# Stick welding help for a novice, please



## Phil Russell (23 May 2021)

Many moons ago I was bought an arc welder, stick welder. I am not very good with it but over the years have managed to repair such things as garden tools and simple fabrications with e.g 3mm mild steel where one bit needs welding to another. But yesterday, a process took me ages to get right. I had a piece of 6mm x 25mm mild steel and needed to increase the size at one end by about 3mm at a corner ... say 12mm long on the top edge and 12mm long on the end edge. So, no joining, just adding 3mm to the two edges on a right angle. I found it very difficult to get the weld depth ... the weld tended to flow over the edges to give 3mm where it was not wanted, the flat sides, and was quite thin on the desired top and end edges.
Is there a knack to doing this 'build up' process? I thought of laying my bit of steel flat on something (concrete?) and then running the rod along the edges to allow the weld to flow down and across the exposed edges.. but by then, after much effort I had done what I wanted. I guess that an experience welder would do this in one pass in a couple of minutes ...
I can add that neatness is not important as I simply filed / ground excess weld away to get my desired effect.
Any advice would be welcome in case I need to do it again. I was using 2mm rods. 
Thanks for your help.
Cheers, Phil


----------



## Spectric (23 May 2021)

You need dry rods, any dampness will play havoc and their are special rods for buildup whether for hard coating or not but these are not essential. It all comes down to practice, right current for the rod being used and with thin rods it can be helpful to support the rod nearer the end and not just rely on the holder.


----------



## guineafowl21 (23 May 2021)

If you had trouble with the weld flowing where you didn’t want it, the trick is to ‘flash’ in stages - run a short bead, then pull away and wait for the hot spot to cool a bit. Then run another, and wait, etc. An auto-darkening helmet is best for this, as you can see exactly where to start each time. I got quite good with a simple hand-held mask, so it can be done. Turn down the current, keep a short arc, and hold the rod more perpendicular. 
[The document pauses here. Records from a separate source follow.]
lemma atLeastAtMost_subset_open_ivl:
  "\<alpha> < ereal a \<Longrightarrow> ereal b < \<beta> \<Longrightarrow> {a..b} \<subseteq> open_ivl \<alpha> \<beta>"
  unfolding open_ivl_def by (auto intro: order_less_le_trans[of _ "ereal a"] order_le_less_trans[of _ "ereal b"])

lemma metzler_solution_of_caratheodory_solution:
  fixes A :: "real \<Rightarrow> real^'n::{finite,linorder}^'n::{finite,linorder}"
  assumes loc_int: "\<And>i j a b. {a..b} \<subseteq> open_ivl \<alpha> \<beta> \<Longrightarrow> (\<lambda>t. A t $ i $ j) absolutely_integrable_on {a..b}"
    and offdiag: "\<And>t i j. t \<in> open_ivl \<alpha> \<beta> \<Longrightarrow> i \<noteq> j \<Longrightarrow> A t $ i $ j \<ge> 0"
    and sol: "caratheodory_solution \<alpha> \<beta> A t0 x0 x"
    and sub: "{a..b} \<subseteq> open_ivl \<alpha> \<beta>" and "a \<le> b"
  obtains N where "metzler_solution A x a b N"
proof -
  obtain N where "N \<in> null_sets lebesgue"
    and N: "\<And>s. s \<notin> N \<Longrightarrow> s \<in> open_ivl \<alpha> \<beta> \<Longrightarrow> (x has_vector_derivative A s *v x s) (at s)"
    using sol unfolding caratheodory_solution_def by (auto elim!: AE_E3)
  have "metzler_solution A x a b N"
  proof
    show "(\<lambda>s. A s $ i $ j) absolutely_integrable_on {a..b}" for i j
      using loc_int[OF sub] .
    show "0 \<le> A s $ i $ j" if "s \<in> {a..b}" "i \<noteq> j" for s i j
      using offdiag that sub by blast
    show "abs_cont_on {a..b} x"
      using sol sub by (simp add: caratheodory_solution_def)
    show "negligible N"
      using \<open>N \<in> null_sets lebesgue\<close> negligible_iff_null_sets by blast
    show "(x has_vector_derivative A s *v x s) (at s within {a..b})" if "s \<in> {a..b} - N" for s
      using N that sub by (blast intro: has_vector_derivative_at_within)
  qed fact
  then show ?thesis by (rule that)
qed

theorem proposition1p1:
  fixes \<alpha> \<beta> :: ereal
    and A :: "real \<Rightarrow> real^('n::{finite,linorder})^('n::{finite,linorder})"
    and t0 :: real and x0 :: "real^('n::{finite,linorder})" and x :: "real \<Rightarrow> real^('n::{finite,linorder})"
  assumes "\<alpha> < \<beta>"
    and loc_int: "\<And>i j a b. {a..b} \<subseteq> open_ivl \<alpha> \<beta> \<Longrightarrow>
                     (\<lambda>t. A t $ i $ j) absolutely_integrable_on {a..b}"
    and offdiag: "\<And>t i j. t \<in> open_ivl \<alpha> \<beta> \<Longrightarrow> i \<noteq> j \<Longrightarrow> A t $ i $ j \<ge> 0"
    and t0: "t0 \<in> open_ivl \<alpha> \<beta>"
    and x0: "\<And>i. x0 $ i > 0"
    and sol: "caratheodory_solution \<alpha> \<beta> A t0 x0 x"
  shows "\<forall>t. t0 < t \<and> ereal t < \<beta> \<longrightarrow>
           (\<Prod>i\<in>UNIV. x t $ i) \<ge>
           exp (integral {t0..t} (\<lambda>\<tau>. trace (A \<tau>) +
                 2 * (\<Sum>(j,k)\<in>{(j,k). j < k}. sqrt (A \<tau> $ j $ k * A \<tau> $ k $ j))))
           * (\<Prod>i\<in>UNIV. x t0 $ i)"
proof (intro allI impI)
  fix t assume t: "t0 < t \<and> ereal t < \<beta>"
  then have sub: "{t0..t} \<subseteq> open_ivl \<alpha> \<beta>"
    using t0 by (intro atLeastAtMost_subset_open_ivl) (auto simp: open_ivl_def)
  have "t0 \<le> t" using t by simp
  obtain N where "metzler_solution A x t0 t N"
    using metzler_solution_of_caratheodory_solution[OF loc_int offdiag sol sub \<open>t0 \<le> t\<close>] .
  moreover have "x t0 = x0" using sol by (simp add: caratheodory_solution_def)
  ultimately have "exp (integral {t0..t} (\<lambda>\<tau>. growth_bound (A \<tau>))) * (\<Prod>i\<in>UNIV. x t0 $ i)
      \<le> (\<Prod>i\<in>UNIV. x t $ i)"
    using x0 by (intro metzler_solution.prod_components_lower_bound) simp_all
  then show "exp (integral {t0..t} (\<lambda>\<tau>. trace (A \<tau>) +
           2 * (\<Sum>(j,k)\<in>{(j,k). j < k}. sqrt (A \<tau> $ j $ k * A \<tau> $ k $ j)))) * (\<Prod>i\<in>UNIV. x t0 $ i)
      \<le> (\<Prod>i\<in>UNIV. x t $ i)"
    by (simp add: growth_bound_def)
qed

end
This technique is also ideal for vertical welds or any time the molten metal tends to drop away from the area, like under a car.

As above, dry rods and clean parent metals make a huge difference to any weld.


----------



## Phil Russell (23 May 2021)

Thanks for the tips ... I admit that controlling a full length rod is difficult. An auto dimming mask sounds good as mine does not auto dim ... it is a wear and push up/push down type and is difficult to see where you are until the arc strikes. Re holding the rod ... I have seen this done. Are welding gloves anything special? I have some leather gauntlets that could do? Maybe it is time to add to my workshop. Rods were quite dry.
Cheers, Phil


----------



## Alpha-Dave (23 May 2021)

I assume you are wearing some sort of gloves? They are a must for heat and UV light protection.
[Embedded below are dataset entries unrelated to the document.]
(* Let $(W,S)$ be a finitely generated Coxeter system and $u\le v$ in $(W,\le)$. The Möbius function of $(W,\le)$ satisfies $$\mu(u,v)=\begin{cases}(-1)^{|S(v)|-|S(u)|}&\text{if } S(u)=S(v)\setminus \mathrm{Des}(v^{S(u)})\text{ or } u=v,\\ 0&\text{otherwise.}\end{cases}$$ In particular, for every $v\in W$, $\mu(e,v)=(-1)^{|S(v)|}$ if $W_{S(v)}$ is finite and $v=w_0(S(v))$, and $\mu(e,v)=0$ otherwise.
   Context: $(W,S)$ is a finitely generated Coxeter system with length function $\ell$ and identity $e$. For $w\in W$, $S(w)\subseteq S$ is the set of simple reflections appearing in a (any) reduced expression of $w$; $\mathrm{Des}(w)=\{s\in S:\ell(ws)<\ell(w)\}$. For $I\subseteq S$, $W_I$ is the parabolic subgroup generated by $I$, $X_I=\{u\in W:\ell(us)>\ell(u)\ \forall s\in I\}$, and every $w\in W$ factors uniquely as $w=w^Iw_I$ with $w^I\in X_I$, $w_I\in W_I$ (parabolic components along $I$). The partial order on $W$: $u\le v$ if and only if $v_{S(u)}=u$. For $K\subseteq S$ with $W_K$ finite, $w_0(K)$ denotes the unique element of maximal length in $W_K$. *)

theory Defs
  imports "HOL-Algebra.Group"
begin

definition wprod :: "'a monoid \<Rightarrow> 'a list \<Rightarrow> 'a" where
  "wprod G xs = foldr (\<lambda>x y. x \<otimes>\<^bsub>G\<^esub> y) xs \<one>\<^bsub>G\<^esub>"

definition clen :: "'a monoid \<Rightarrow> 'a set \<Rightarrow> 'a \<Rightarrow> nat" where
  "clen G S w = (LEAST n. \<exists>xs. set xs \<subseteq> S \<and> length xs = n \<and> wprod G xs = w)"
I just completed a level-1 (the most basic) C&G welding course, I found that thin sticks were by far the hardest to control, thicker ones on 6mm plate were pretty easy to control, but the 2mm rods on 3mm plate were a real pain, particularly for getting started.

I suspect that you areusing a combination that the pros would think twice about; if nothing else they would just use MIG.

Not having an auto darkening helmet sounds difficult for me too; I used the college’s at first, and then bought a £45 one from NozAll’s site; it has been reasonable.


----------



## guineafowl21 (23 May 2021)

Phil Russell said:


> Thanks for the tips ... I admit that controlling a full length rod is difficult. An auto dimming mask sounds good as mine does not auto dim ... it is a wear and push up/push down type and is difficult to see where you are until the arc strikes. Re holding the rod ... I have seen this done. Are welding gloves anything special? I have some leather gauntlets that could do? Maybe it is time to add to my workshop. Rods were quite dry.
> Cheers, Phil


I hate the flip-up lens type of mask. Far too clumsy with gloves on.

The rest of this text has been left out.